──────── Supplied records
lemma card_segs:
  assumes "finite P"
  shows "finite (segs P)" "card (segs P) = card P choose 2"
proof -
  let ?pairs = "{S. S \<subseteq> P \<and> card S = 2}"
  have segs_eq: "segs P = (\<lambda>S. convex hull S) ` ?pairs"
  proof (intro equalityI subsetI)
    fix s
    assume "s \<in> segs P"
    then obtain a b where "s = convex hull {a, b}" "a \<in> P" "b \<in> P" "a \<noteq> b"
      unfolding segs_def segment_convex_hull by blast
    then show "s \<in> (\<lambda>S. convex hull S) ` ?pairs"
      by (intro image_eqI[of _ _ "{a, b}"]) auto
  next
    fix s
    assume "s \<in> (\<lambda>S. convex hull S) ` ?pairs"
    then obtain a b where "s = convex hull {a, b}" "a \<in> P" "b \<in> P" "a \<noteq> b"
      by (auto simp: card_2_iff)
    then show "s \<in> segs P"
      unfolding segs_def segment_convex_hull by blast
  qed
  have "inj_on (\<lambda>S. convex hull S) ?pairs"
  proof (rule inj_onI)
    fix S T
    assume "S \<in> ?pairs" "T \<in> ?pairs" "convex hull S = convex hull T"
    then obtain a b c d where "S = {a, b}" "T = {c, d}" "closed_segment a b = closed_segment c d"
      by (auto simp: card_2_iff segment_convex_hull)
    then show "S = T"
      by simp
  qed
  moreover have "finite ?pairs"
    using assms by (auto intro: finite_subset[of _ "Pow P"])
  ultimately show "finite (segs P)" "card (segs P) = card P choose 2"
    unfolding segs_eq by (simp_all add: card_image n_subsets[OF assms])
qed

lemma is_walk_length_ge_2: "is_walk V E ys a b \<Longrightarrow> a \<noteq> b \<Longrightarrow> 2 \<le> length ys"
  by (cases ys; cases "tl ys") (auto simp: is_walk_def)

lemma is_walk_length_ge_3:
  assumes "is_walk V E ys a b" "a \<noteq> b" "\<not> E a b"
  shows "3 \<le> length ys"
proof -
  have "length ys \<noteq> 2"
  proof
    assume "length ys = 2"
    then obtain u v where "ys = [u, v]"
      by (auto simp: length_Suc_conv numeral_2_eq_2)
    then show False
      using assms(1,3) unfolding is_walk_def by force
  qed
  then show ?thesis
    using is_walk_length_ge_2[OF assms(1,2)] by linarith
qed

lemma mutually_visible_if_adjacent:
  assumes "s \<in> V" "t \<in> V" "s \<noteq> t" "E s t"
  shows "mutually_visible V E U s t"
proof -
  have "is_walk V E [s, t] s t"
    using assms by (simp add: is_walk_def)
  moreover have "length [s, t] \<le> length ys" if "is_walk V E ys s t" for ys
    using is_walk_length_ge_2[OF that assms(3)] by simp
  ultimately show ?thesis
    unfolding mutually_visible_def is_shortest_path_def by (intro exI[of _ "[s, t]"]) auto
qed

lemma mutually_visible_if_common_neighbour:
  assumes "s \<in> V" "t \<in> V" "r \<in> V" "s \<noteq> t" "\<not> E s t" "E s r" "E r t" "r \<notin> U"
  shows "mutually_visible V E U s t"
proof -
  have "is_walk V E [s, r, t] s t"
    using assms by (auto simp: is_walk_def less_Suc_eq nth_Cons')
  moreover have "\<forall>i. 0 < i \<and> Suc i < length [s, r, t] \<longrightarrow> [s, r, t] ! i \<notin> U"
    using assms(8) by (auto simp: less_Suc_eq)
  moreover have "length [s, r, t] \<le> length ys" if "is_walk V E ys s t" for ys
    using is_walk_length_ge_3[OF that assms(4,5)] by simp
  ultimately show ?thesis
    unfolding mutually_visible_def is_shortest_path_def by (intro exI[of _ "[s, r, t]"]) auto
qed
────────────────
──────── Supplied records
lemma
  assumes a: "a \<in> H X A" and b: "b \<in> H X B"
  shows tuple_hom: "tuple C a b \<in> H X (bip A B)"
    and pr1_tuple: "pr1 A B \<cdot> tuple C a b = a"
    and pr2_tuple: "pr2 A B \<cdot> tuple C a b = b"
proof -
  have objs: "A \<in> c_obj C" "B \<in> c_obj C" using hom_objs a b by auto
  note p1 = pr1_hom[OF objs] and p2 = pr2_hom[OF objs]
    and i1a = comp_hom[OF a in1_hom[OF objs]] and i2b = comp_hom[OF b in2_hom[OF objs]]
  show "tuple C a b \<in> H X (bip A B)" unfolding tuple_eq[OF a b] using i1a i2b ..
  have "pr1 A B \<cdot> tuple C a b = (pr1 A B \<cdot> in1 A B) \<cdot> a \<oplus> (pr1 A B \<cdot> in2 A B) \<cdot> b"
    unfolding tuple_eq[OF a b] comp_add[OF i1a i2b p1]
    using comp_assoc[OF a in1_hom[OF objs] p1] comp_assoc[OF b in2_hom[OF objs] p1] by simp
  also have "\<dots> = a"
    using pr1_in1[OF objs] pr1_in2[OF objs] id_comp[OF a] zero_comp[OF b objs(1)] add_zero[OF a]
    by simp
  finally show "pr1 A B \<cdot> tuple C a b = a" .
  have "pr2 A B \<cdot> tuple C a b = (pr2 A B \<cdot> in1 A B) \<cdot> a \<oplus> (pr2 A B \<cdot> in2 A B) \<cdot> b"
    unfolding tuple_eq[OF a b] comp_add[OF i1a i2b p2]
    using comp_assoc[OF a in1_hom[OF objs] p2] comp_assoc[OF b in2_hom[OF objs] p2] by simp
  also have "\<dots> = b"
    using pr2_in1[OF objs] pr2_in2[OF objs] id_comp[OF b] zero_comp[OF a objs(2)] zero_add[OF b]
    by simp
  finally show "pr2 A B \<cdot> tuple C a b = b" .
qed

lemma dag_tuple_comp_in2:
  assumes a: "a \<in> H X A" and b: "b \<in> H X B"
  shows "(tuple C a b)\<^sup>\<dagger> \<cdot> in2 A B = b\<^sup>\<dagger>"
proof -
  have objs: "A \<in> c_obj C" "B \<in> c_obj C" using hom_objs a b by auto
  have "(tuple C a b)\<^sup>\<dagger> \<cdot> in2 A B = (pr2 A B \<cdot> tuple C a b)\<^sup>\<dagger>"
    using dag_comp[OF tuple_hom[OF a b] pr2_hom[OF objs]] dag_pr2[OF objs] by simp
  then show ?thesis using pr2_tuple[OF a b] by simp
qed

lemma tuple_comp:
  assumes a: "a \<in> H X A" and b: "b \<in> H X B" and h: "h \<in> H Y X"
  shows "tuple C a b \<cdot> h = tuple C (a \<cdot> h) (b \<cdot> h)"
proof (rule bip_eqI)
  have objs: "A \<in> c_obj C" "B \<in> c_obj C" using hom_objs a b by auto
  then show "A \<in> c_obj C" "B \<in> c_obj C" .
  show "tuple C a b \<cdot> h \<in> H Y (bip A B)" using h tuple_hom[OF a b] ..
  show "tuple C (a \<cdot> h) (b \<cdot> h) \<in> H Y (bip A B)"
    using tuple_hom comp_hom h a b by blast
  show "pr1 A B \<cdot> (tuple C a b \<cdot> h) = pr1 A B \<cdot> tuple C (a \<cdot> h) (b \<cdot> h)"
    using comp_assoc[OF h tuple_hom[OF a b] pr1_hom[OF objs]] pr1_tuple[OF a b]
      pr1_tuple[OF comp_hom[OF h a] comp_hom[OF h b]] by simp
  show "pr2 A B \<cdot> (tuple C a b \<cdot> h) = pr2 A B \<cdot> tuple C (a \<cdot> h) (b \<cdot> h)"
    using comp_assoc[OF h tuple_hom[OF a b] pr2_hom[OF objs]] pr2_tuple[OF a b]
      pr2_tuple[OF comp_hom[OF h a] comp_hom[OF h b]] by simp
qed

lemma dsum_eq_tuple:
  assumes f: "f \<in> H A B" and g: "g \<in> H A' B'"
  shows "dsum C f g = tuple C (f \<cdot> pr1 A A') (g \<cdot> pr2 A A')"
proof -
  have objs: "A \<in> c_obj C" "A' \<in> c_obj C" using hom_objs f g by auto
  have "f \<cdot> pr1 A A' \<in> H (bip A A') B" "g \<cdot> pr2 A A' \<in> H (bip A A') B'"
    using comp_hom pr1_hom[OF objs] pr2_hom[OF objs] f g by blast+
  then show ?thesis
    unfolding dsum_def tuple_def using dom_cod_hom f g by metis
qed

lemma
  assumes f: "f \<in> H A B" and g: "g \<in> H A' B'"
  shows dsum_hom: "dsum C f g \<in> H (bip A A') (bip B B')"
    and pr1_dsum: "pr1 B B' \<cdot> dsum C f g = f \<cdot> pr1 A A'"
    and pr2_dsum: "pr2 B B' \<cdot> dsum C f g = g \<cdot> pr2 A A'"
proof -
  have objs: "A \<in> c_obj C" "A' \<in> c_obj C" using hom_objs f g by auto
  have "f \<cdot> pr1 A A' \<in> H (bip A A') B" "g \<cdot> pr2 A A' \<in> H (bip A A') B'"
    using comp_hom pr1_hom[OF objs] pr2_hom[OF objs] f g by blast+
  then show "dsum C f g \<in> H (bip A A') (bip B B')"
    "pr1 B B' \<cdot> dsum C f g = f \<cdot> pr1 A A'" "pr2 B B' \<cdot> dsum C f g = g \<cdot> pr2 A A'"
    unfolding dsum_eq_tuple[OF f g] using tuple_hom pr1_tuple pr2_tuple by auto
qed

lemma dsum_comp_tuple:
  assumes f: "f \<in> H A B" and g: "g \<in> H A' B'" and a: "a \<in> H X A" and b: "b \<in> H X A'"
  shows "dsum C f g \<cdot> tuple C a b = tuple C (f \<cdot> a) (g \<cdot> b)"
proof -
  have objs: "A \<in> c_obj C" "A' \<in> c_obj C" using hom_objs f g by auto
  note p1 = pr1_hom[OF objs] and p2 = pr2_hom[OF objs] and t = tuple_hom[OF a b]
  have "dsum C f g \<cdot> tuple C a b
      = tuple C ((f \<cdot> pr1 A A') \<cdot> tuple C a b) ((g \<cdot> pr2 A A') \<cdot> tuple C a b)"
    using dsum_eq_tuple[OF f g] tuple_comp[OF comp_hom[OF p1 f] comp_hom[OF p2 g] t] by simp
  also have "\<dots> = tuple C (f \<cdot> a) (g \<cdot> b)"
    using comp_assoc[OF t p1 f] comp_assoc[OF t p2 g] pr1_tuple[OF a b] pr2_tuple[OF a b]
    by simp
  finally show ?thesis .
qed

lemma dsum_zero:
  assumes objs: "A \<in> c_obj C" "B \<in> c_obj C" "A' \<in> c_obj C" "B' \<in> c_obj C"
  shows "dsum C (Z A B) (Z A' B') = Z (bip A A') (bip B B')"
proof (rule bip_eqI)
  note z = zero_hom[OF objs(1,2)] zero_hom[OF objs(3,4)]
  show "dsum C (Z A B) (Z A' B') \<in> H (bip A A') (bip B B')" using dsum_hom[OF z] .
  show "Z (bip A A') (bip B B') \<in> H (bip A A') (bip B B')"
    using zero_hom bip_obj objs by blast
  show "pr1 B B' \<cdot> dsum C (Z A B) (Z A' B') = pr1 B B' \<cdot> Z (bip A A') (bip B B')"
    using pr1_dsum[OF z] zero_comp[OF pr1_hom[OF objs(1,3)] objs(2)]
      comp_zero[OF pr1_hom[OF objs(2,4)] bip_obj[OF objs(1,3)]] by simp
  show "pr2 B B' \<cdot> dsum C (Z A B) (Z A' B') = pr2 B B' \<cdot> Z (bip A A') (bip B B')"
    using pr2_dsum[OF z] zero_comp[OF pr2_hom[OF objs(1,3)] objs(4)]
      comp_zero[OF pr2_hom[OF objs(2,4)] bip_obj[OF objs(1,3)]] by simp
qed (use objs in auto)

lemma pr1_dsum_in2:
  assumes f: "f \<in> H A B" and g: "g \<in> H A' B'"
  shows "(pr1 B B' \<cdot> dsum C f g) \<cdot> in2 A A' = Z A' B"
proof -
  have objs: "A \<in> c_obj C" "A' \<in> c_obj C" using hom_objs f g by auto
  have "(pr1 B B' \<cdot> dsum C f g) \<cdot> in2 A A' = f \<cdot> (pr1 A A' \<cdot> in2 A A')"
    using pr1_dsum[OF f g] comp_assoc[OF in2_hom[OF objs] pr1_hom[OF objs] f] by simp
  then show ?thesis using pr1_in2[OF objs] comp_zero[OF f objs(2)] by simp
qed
────────────────
──────── Supplied records
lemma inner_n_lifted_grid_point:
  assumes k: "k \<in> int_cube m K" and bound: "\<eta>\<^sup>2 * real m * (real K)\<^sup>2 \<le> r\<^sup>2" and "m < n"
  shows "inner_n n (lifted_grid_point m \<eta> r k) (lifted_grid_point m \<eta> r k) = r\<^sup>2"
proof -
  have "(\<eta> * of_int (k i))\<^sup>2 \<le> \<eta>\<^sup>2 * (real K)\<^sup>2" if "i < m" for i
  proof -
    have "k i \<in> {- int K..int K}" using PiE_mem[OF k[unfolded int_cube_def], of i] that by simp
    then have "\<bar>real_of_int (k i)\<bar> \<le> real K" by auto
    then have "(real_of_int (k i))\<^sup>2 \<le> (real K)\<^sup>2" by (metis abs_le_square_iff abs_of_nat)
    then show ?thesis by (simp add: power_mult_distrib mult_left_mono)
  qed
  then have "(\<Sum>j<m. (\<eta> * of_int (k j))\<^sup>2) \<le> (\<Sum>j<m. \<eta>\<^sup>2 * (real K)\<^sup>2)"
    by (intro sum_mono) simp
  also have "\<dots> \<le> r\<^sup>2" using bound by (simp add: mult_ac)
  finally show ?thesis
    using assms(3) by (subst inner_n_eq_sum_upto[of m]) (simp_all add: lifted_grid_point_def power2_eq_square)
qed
────────────────
Only the lines holding the string "obtain" are needed; copy each of them from the material above.

    then obtain a b where "s = convex hull {a, b}" "a \<in> P" "b \<in> P" "a \<noteq> b"
    then obtain a b where "s = convex hull {a, b}" "a \<in> P" "b \<in> P" "a \<noteq> b"
    then obtain a b c d where "S = {a, b}" "T = {c, d}" "closed_segment a b = closed_segment c d"
    then obtain u v where "ys = [u, v]"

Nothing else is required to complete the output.